Jika distribusi benih bisa lancar, penyaluran pupuk bagus dan harga pasar mampu dijendalikan juga oleh pemerintah. Maka baru bisa dipastikan swasembada pangan —tak cuma beras— pasti bisa dicapai. Sebab logika akal sehatya, jauh sebelum Indonesia merdeka, toh sejumlah hasil bumi negeri kita bisa booming hingga membuat bangsa-bangsa asing dari negeri seberang datang ke negeri kita hanya untuk ikut menikmati hasil bumi dari negeri yang melimpah ruah hasil buminya di dunia.

Lalu mengapa setelah merdeka, Indonesia justru seperti tikus yang hidup merana di lumbung padi yang kosong?

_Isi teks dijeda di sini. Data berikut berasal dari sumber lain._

lemma
  assumes J: "J \<subseteq> {1..k}" and e: "\<And>j. j \<in> J \<Longrightarrow> e j \<ge> 1"
  shows integrable_prod_times_card_Lset_zeroed:
      "integrable M (\<lambda>\<omega>. (\<Prod>j\<in>J. (real (X j \<omega>) + 1) * real (X j \<omega>) ^ e j)
         * real (card (Lset k (\<lambda>j. if j \<in> J then 0 else X j \<omega>))))"
    and expectation_prod_times_card_Lset_zeroed_le:
      "expectation (\<lambda>\<omega>. (\<Prod>j\<in>J. (real (X j \<omega>) + 1) * real (X j \<omega>) ^ e j)
         * real (card (Lset k (\<lambda>j. if j \<in> J then 0 else X j \<omega>))))
       \<le> (\<Prod>j\<in>J. (Bell (e j) + Bell (e j + 1)) / real j)
         * expectation (\<lambda>\<omega>. real (card (Lset k (\<lambda>j. X j \<omega>))))"
proof -
  have "finite J" and J1: "J \<subseteq> {1..}" using J finite_subset by auto
  define G where "G \<omega> = (\<Prod>j\<in>J. (real (X j \<omega>) + 1) * real (X j \<omega>) ^ e j)" for \<omega>
  define L0 where "L0 \<omega> = real (card (Lset k (\<lambda>j. if j \<in> J then 0 else X j \<omega>)))" for \<omega>
  define L where "L \<omega> = real (card (Lset k (\<lambda>j. X j \<omega>)))" for \<omega>
  have int_L0: "integrable M L0" and int_L: "integrable M L"
    using integrable_card_Lset[of k J] integrable_card_Lset[of k "{}"]
    by (simp_all add: L0_def[abs_def] L_def[abs_def])
  have int_G: "integrable M G"
    using integrable_prod_Suc_times_power[of J e] \<open>finite J\<close> J1 e by (simp add: G_def[abs_def])
  have "depends_only_on J (\<lambda>c. \<Prod>j\<in>J. (real (c j) + 1) * real (c j) ^ e j)"
    by (simp add: depends_only_on_def)
  moreover have "{1..k} - J \<subseteq> {1..}" by auto
  ultimately have indep: "indep_var borel G borel L0"
    using indep_var_depends_only_on[OF \<open>finite J\<close> _ _ J1, of "{1..k} - J"]
      depends_only_on_card_Lset[of k J]
    by (auto simp: G_def[abs_def] L0_def[abs_def])
  have GL0: "(\<lambda>\<omega>. (\<Prod>j\<in>J. (real (X j \<omega>) + 1) * real (X j \<omega>) ^ e j)
      * real (card (Lset k (\<lambda>j. if j \<in> J then 0 else X j \<omega>)))) = (\<lambda>\<omega>. G \<omega> * L0 \<omega>)"
    (is "?GL0 = _") by (simp add: G_def L0_def)
  show "integrable M ?GL0"
    unfolding GL0 by (rule indep_var_integrable[OF indep int_G int_L0])
  have "expectation ?GL0 = expectation G * expectation L0"
    unfolding GL0 by (rule indep_var_lebesgue_integral[OF indep int_G int_L0])
  also have "\<dots> \<le> (\<Prod>j\<in>J. (Bell (e j) + Bell (e j + 1)) / real j) * expectation L"
  proof (rule mult_mono)
    show "expectation G \<le> (\<Prod>j\<in>J. (Bell (e j) + Bell (e j + 1)) / real j)"
      using expectation_prod_Suc_times_power_le[of J e] \<open>finite J\<close> J1 e
      by (simp add: G_def[abs_def])
    show "expectation L0 \<le> expectation L"
      using int_L0 int_L by (rule integral_mono) (simp add: L0_def L_def card_Lset_le_zeroed)
    have "0 \<le> expectation G"
      by (rule Bochner_Integration.integral_nonneg) (simp add: G_def prod_nonneg)
    with \<open>expectation G \<le> _\<close> show "0 \<le> (\<Prod>j\<in>J. (Bell (e j) + Bell (e j + 1)) / real j)"
      by linarith
    show "0 \<le> expectation L0"
      by (rule Bochner_Integration.integral_nonneg) (simp add: L0_def)
  qed
  finally show "expectation ?GL0 \<le> (\<Prod>j\<in>J. (Bell (e j) + Bell (e j + 1)) / real j)
      * expectation (\<lambda>\<omega>. real (card (Lset k (\<lambda>j. X j \<omega>))))"
    by (simp add: L_def[abs_def])
qed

Cita-cita dari kemerdekaan bangsa Indonesia jelas untuk kesejahteraan dan keadilan sosial bagi seluruh rakyat yang berhikmat dengan cara kebijaksanaan. Lantas mengapa masih harus memprovokasi rakyat dengan ajakan membenci produk bangsa asing?

Sungguhkah getar rasa nasionalisme kebangsaan dari segenap warga bangsa kita telah merapuh dan merongsok?

Sejumlah pertanyaan yang memilukan hati sungguh dapat menjadi pemicu gairah, semangat, kemarahan serta pesimistis atau optimistis yang positif sekaligus negatif sifatnya. Jadi semua itu amat sangat tergantung pada pilihan sikap dan patriotik dari rasa kebangsaan kita.

Dalam konteks ini yang pasti, bukan bagian untuk mereka yang sudah terlanjur menjadi bagian dari kaki tangan kapitalisme global yang telah beranak pinak di negeri ini dengan sebutan neo-liberalism —yang sangat egoistik— ambisius lebih rakus dan tamak dari cuma sekedar untuk mementingkan dirinya sendiri.

Begitulah birahi impor dilakulan untuk mendapat komisi dan uang pelicin, meskipun petani yang harus dijadikan tumbal untuk mengeruk kekayaan dari proses impor yang tidak wajar itu. Artinya, ketika Impor beragam macam produk yang mampu kita hasilkan sendiri itu masih terus dilakukan, maka itu semua sama saja artinya telah membunuh para petani Indonesia dengan cara yang sangat keji dan biadab. Maka itu, birahi impor yang masih dilakukan itu jelas tindak kriminal yang tidak patut untuk ditolerir dan tak bisa dimaafkan. Sungguh amat sangat terkutuk.